In the context of the specification, a phrase including “communication interface”, such as “server communication interface” or “device communication interface” refers to a device or a module enabling direct connectivity via wires and connectors such as USB, HDMI, VGA, or wireless connectivity such as Bluetooth or Wi-Fi or Local Area Network (LAN) or Wide Area Network (WAN) implemented through TCP/IP, IEEE 802.x, GSM, CDMA, LTE, or other equivalent protocols.
The accompanying drawings depict the optimal approach for implementing the invention as it is currently conceived and described below. To provide a comprehensive understanding of the present invention, please refer to the detailed explanation of the preferred embodiments, which is accompanied by the drawings. Throughout the figures in the drawings, similar reference letters and numerals are utilized to denote corresponding parts.

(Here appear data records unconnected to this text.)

(* For every $B\in\mathbb{N}$ there exists an MSSP instance with two agents whose price of autonomy is at least $B$.
   Context: An MDP is a triple $M=(S,\textit{Act},P)$ with finite sets $S$, $\textit{Act}$ and $P:S\times\textit{Act}\times S\to[0,1]$ such that for each $s$ the set $\textit{En}(s)$ of enabled actions (those $a$ with $\sum_t P(s,a,t)=1$) is nonempty. An MSSP instance consists of an MDP $M$, a number $k\ge1$ of agents, and for each agent $i$ an initial state $\iota_i$ and target set $T_i\subseteq S$ with $\iota_i\notin T_i\neq\emptyset$. All agents move simultaneously and independently in $M$ under their chosen actions. $\textit{MHit}$ is the first time step at which some agent $i$ is in a state of $T_i$. A coordinated strategy is a (possibly randomized, history-dependent) strategy in the product MDP $(S^k,\textit{Act}^k,P')$, $P'((s_i)_i,(a_i)_i,(t_i)_i)=\prod_iP(s_i,a_i,t_i)$, started at $(\iota_1,\dots,\iota_k)$. An autonomous profile $(\sigma_1,\dots,\sigma_k)$ consists of strategies where $\sigma_i$ depends only on agent $i$'s own history (possibly randomized, with memory). The price of autonomy of an instance is the ratio $\inf_{\pi\text{ autonomous}}\mathbb{E}_\pi[\textit{MHit}]\,/\,\inf_{\sigma\text{ coordinated}}\mathbb{E}_\sigma[\textit{MHit}]$. *)

theory Defs
  imports "HOL-Probability.Probability"
begin

text \<open>MDPs with states and actions drawn from nat (finite carrier sets).
  The transition function P is only consulted on S x Act x S.\<close>

record mdp =
  mdp_S   :: "nat set"
  mdp_Act :: "nat set"
  mdp_P   :: "nat \<Rightarrow> nat \<Rightarrow> nat \<Rightarrow> real"

definition En :: "mdp \<Rightarrow> nat \<Rightarrow> nat set" where
  "En M s = {a \<in> mdp_Act M. (\<Sum>t\<in>mdp_S M. mdp_P M s a t) = 1}"

definition is_mdp :: "mdp \<Rightarrow> bool" where
  "is_mdp M \<longleftrightarrow> finite (mdp_S M) \<and> finite (mdp_Act M) \<and>
     (\<forall>s\<in>mdp_S M. \<forall>a\<in>mdp_Act M. \<forall>t\<in>mdp_S M. 0 \<le> mdp_P M s a t \<and> mdp_P M s a t \<le> 1) \<and>
     (\<forall>s\<in>mdp_S M. En M s \<noteq> {})"

definition trans_pmf :: "mdp \<Rightarrow> nat \<Rightarrow> nat \<Rightarrow> nat pmf" where
  "trans_pmf M s a = embed_pmf (\<lambda>t. if t \<in> mdp_S M then mdp_P M s a t else 0)"

definition mssp2 :: "mdp \<Rightarrow> nat \<Rightarrow> nat set \<Rightarrow> nat \<Rightarrow> nat set \<Rightarrow> bool" where
  "mssp2 M i1 T1 i2 T2 \<longleftrightarrow> is_mdp M \<and>
     i1 \<in> mdp_S M \<and> T1 \<subseteq> mdp_S M \<and> i1 \<notin> T1 \<and> T1 \<noteq> {} \<and>
     i2 \<in> mdp_S M \<and> T2 \<subseteq> mdp_S M \<and> i2 \<notin> T2 \<and> T2 \<noteq> {}"

text \<open>Coordinated strategies in the product MDP: a history is the list of past
  (joint state, joint action) pairs together with the current joint state;
  the strategy returns a distribution over enabled joint actions.\<close>
type_synonym jhist = "((nat \<times> nat) \<times> (nat \<times> nat)) list"
type_synonym cstrat = "jhist \<Rightarrow> nat \<times> nat \<Rightarrow> (nat \<times> nat) pmf"

definition coord_strat :: "mdp \<Rightarrow> cstrat \<Rightarrow> bool" where
  "coord_strat M \<sigma> \<longleftrightarrow> (\<forall>h s1 s2. s1 \<in> mdp_S M \<longrightarrow> s2 \<in> mdp_S M \<longrightarrow>
       set_pmf (\<sigma> h (s1, s2)) \<subseteq> En M s1 \<times> En M s2)"

fun hist :: "mdp \<Rightarrow> nat \<Rightarrow> nat \<Rightarrow> cstrat \<Rightarrow> nat \<Rightarrow> (jhist \<times> (nat \<times> nat)) pmf" where
  "hist M i1 i2 \<sigma> 0 = return_pmf ([], (i1, i2))"
| "hist M i1 i2 \<sigma> (Suc n) = hist M i1 i2 \<sigma> n \<bind> (\<lambda>(h, s).
      \<sigma> h s \<bind> (\<lambda>a. map_pmf (\<lambda>t. (h @ [(s, a)], t))
         (pair_pmf (trans_pmf M (fst s) (fst a)) (trans_pmf M (snd s) (snd a)))))"

definition not_hit :: "nat set \<Rightarrow> nat set \<Rightarrow> jhist \<times> (nat \<times> nat) \<Rightarrow> bool" where
  "not_hit T1 T2 x \<longleftrightarrow> (\<forall>s \<in> set (map fst (fst x) @ [snd x]). fst s \<notin> T1 \<and> snd s \<notin> T2)"

text \<open>E[MHit] = sum over n of Pr[MHit > n] (possibly infinite).\<close>
definition exp_MHit :: "mdp \<Rightarrow> nat \<Rightarrow> nat set \<Rightarrow> nat \<Rightarrow> nat set \<Rightarrow> cstrat \<Rightarrow> ennreal" where
  "exp_MHit M i1 T1 i2 T2 \<sigma> =
     (\<Sum>n. ennreal (measure_pmf.prob (hist M i1 i2 \<sigma> n) {x. not_hit T1 T2 x}))"

text \<open>Autonomous strategies: each agent sees only its own (state, action) history
  and its current state.\<close>
type_synonym astrat = "(nat \<times> nat) list \<Rightarrow> nat \<Rightarrow> nat pmf"

definition auto_strat :: "mdp \<Rightarrow> astrat \<Rightarrow> bool" where
  "auto_strat M \<tau> \<longleftrightarrow> (\<forall>h s. s \<in> mdp_S M \<longrightarrow> set_pmf (\<tau> h s) \<subseteq> En M s)"
lemma hit_time_mixed_eq_if_drift_le:
  assumes "finite S"
    and nonneg1: "\<forall>X\<in>S. \<forall>Y\<in>S. 0 \<le> P1 X Y" and nonneg2: "\<forall>X\<in>S. \<forall>Y\<in>S. 0 \<le> P2 X Y"
    and finite_hit: "\<forall>X\<in>S. hit_time S f P1 X < \<infinity>"
    and drift_le: "\<forall>X\<in>S_non S f. drift S f P1 P2 X \<le> drift S f P1 P1 X"
    and q: "\<forall>X\<in>S. 0 \<le> q X \<and> q X \<le> 1"
    and le: "\<forall>X\<in>S. hit_time S f (mixed q P1 P2) X \<le> hit_time S f P1 X"
    and X: "X \<in> S"
  shows "hit_time S f (mixed q P1 P2) X = hit_time S f P1 X"
proof (cases "X \<in> S_non S f")
  case True
  define m where "m Y = enn2real (hit_time S f P1 Y)" for Y
  let ?M = "mixed q P1 P2"
  have nonneg: "\<forall>X\<in>S. \<forall>Y\<in>S. 0 \<le> ?M X Y"
    using mixed_nonneg[OF q nonneg1 nonneg2] .
  have finite_hit_M: "\<forall>Y\<in>S. hit_time S f ?M Y < \<infinity>"
    using le finite_hit le_less_trans by blast
  have sub: "m X \<le> 1 + (\<Sum>Y\<in>S_non S f. ?M X Y * m Y)" if X: "X \<in> S_non S f" for X
  proof -
    have step1: "(\<Sum>Y\<in>S_non S f. P1 X Y * m Y) = m X - 1"
      using enn2real_hit_time_step[OF nonneg1 finite_hit X] by (simp add: m_def)
    have step2: "m X - 1 \<le> (\<Sum>Y\<in>S_non S f. P2 X Y * m Y)"
      using drift_le X drift_self[OF nonneg1 finite_hit X] by (auto simp: drift_def m_def)
    have "m X - 1 = q X * (m X - 1) + (1 - q X) * (m X - 1)"
      by (simp add: algebra_simps)
    also have "\<dots> \<le> q X * (m X - 1) + (1 - q X) * (\<Sum>Y\<in>S_non S f. P2 X Y * m Y)"
      using q X S_non_subset[of S f] step2 by (intro add_left_mono mult_left_mono) auto
    finally show ?thesis
      unfolding sum_mixed step1 by linarith
  qed
  have "m X \<le> enn2real (hit_time S f ?M X)"
    using subsolution_le_hit_time[OF \<open>finite S\<close> nonneg finite_hit_M] sub True by blast
  have "hit_time S f P1 X = ennreal (m X)"
    using finite_hit X by (simp add: m_def)
  also have "\<dots> \<le> ennreal (enn2real (hit_time S f ?M X))"
    by (rule ennreal_leI) fact
  also have "\<dots> = hit_time S f ?M X"
    using finite_hit_M X by simp
  finally have "hit_time S f P1 X \<le> hit_time S f ?M X" .
  then show ?thesis
    using le X by (simp add: order_antisym)
next
  case False
  then show ?thesis by (simp add: hit_time_eq_0)
qed

lemma drift_less_iff_improving_mixture:
  assumes "finite S"
    and nonneg1: "\<forall>X\<in>S. \<forall>Y\<in>S. 0 \<le> P1 X Y" and nonneg2: "\<forall>X\<in>S. \<forall>Y\<in>S. 0 \<le> P2 X Y"
    and finite_hit: "\<forall>X\<in>S. hit_time S f P1 X < \<infinity>"
  shows "(\<exists>X\<in>S_non S f. drift S f P1 P1 X < drift S f P1 P2 X) \<longleftrightarrow>
    (\<exists>q. (\<forall>X\<in>S. 0 \<le> q X \<and> q X \<le> 1) \<and>
      (\<forall>X\<in>S. hit_time S f (mixed q P1 P2) X \<le> hit_time S f P1 X) \<and>
      (\<exists>X\<in>S. hit_time S f (mixed q P1 P2) X < hit_time S f P1 X))"
proof
  assume "\<exists>X\<in>S_non S f. drift S f P1 P1 X < drift S f P1 P2 X"
  then show "\<exists>q. (\<forall>X\<in>S. 0 \<le> q X \<and> q X \<le> 1) \<and>
      (\<forall>X\<in>S. hit_time S f (mixed q P1 P2) X \<le> hit_time S f P1 X) \<and>
      (\<exists>X\<in>S. hit_time S f (mixed q P1 P2) X < hit_time S f P1 X)"
    using improving_mixture_if_drift_less[OF nonneg1 nonneg2 finite_hit] by blast
next
  assume "\<exists>q. (\<forall>X\<in>S. 0 \<le> q X \<and> q X \<le> 1) \<and>
      (\<forall>X\<in>S. hit_time S f (mixed q P1 P2) X \<le> hit_time S f P1 X) \<and>
      (\<exists>X\<in>S. hit_time S f (mixed q P1 P2) X < hit_time S f P1 X)"
  then obtain q X where q: "\<forall>X\<in>S. 0 \<le> q X \<and> q X \<le> 1"
    and le: "\<forall>X\<in>S. hit_time S f (mixed q P1 P2) X \<le> hit_time S f P1 X"
    and X: "X \<in> S" and less: "hit_time S f (mixed q P1 P2) X < hit_time S f P1 X"
    by blast
  show "\<exists>X\<in>S_non S f. drift S f P1 P1 X < drift S f P1 P2 X"
  proof (rule ccontr)
    assume "\<not> ?thesis"
    then have "\<forall>X\<in>S_non S f. drift S f P1 P2 X \<le> drift S f P1 P1 X"
      by (auto simp: not_less)
    then have "hit_time S f (mixed q P1 P2) X = hit_time S f P1 X"
      using hit_time_mixed_eq_if_drift_le[OF \<open>finite S\<close> nonneg1 nonneg2 finite_hit _ q le X] by blast
    then show False
      using less by simp
  qed
qed

lemma runtime_le_runtime_iff:
  "N > 0 \<Longrightarrow> runtime N S f P X \<le> runtime N S f P' X \<longleftrightarrow> hit_time S f P X \<le> hit_time S f P' X"
  by (simp add: runtime_def ennreal_mult_le_mult_iff)

lemma runtime_less_runtime_iff:
  assumes "N > 0"
  shows "runtime N S f P X < runtime N S f P' X \<longleftrightarrow> hit_time S f P X < hit_time S f P' X"
  using runtime_le_runtime_iff[OF assms, of S f P' X P] by (simp only: not_le[symmetric])

theorem mainTheorem1:
  fixes S :: "'x::finite multiset set" and f :: "'x \<Rightarrow> real"
    and P1 P2 :: "'x multiset \<Rightarrow> 'x multiset \<Rightarrow> real" and N :: nat
  assumes "finite S"
    and "pure_strategy S f P1" and "pure_strategy S f P2"
    and "\<forall>X\<in>S. hit_time S f P1 X < \<infinity>"
    and "N > 0"
  shows "((\<exists>X\<in>S_non S f. drift S f P1 P1 X < drift S f P1 P2 X) \<longleftrightarrow>
          (\<exists>q. (\<forall>X\<in>S. 0 \<le> q X \<and> q X \<le> 1) \<and>
               (\<forall>X\<in>S. hit_time S f (mixed q P1 P2) X \<le> hit_time S f P1 X) \<and>
               (\<exists>X\<in>S. hit_time S f (mixed q P1 P2) X < hit_time S f P1 X)))
       \<and> ((\<exists>X\<in>S_non S f. drift S f P1 P1 X < drift S f P1 P2 X) \<longleftrightarrow>
          (\<exists>q. (\<forall>X\<in>S. 0 \<le> q X \<and> q X \<le> 1) \<and>
               (\<forall>X\<in>S. runtime N S f (mixed q P1 P2) X \<le> runtime N S f P1 X) \<and>
               (\<exists>X\<in>S. runtime N S f (mixed q P1 P2) X < runtime N S f P1 X)))"
proof -
  have nonneg1: "\<forall>X\<in>S. \<forall>Y\<in>S. 0 \<le> P1 X Y" and nonneg2: "\<forall>X\<in>S. \<forall>Y\<in>S. 0 \<le> P2 X Y"
    using assms(2,3) by (auto simp: pure_strategy_def)
  note hit_time_iff = drift_less_iff_improving_mixture[OF assms(1) nonneg1 nonneg2 assms(4)]
  show ?thesis
    unfolding runtime_le_runtime_iff[OF assms(5)] runtime_less_runtime_iff[OF assms(5)]
    using hit_time_iff hit_time_iff by (rule conjI)
qed

end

Embodiments of the present invention disclosure will be described more fully hereinafter with reference to the accompanying drawings in which like numerals represent like elements throughout the figures, and in which example embodiments are shown.
The detailed description and the accompanying drawings illustrate the specific exemplary embodiments by which the disclosure may be practiced. These embodiments are described in detail to enable those skilled in the art to practice the invention illustrated in the disclosure. It is to be understood that other embodiments may be utilized, and other changes may be made, without departing from the spirit or scope of the present disclosure. The following detailed description is therefore not to be taken in a limiting sense, and the scope of the present invention disclosure is defined by the appended claims. Embodiments of the claims may, however, be embodied in many different forms and should not be construed as limited to the embodiments set forth herein.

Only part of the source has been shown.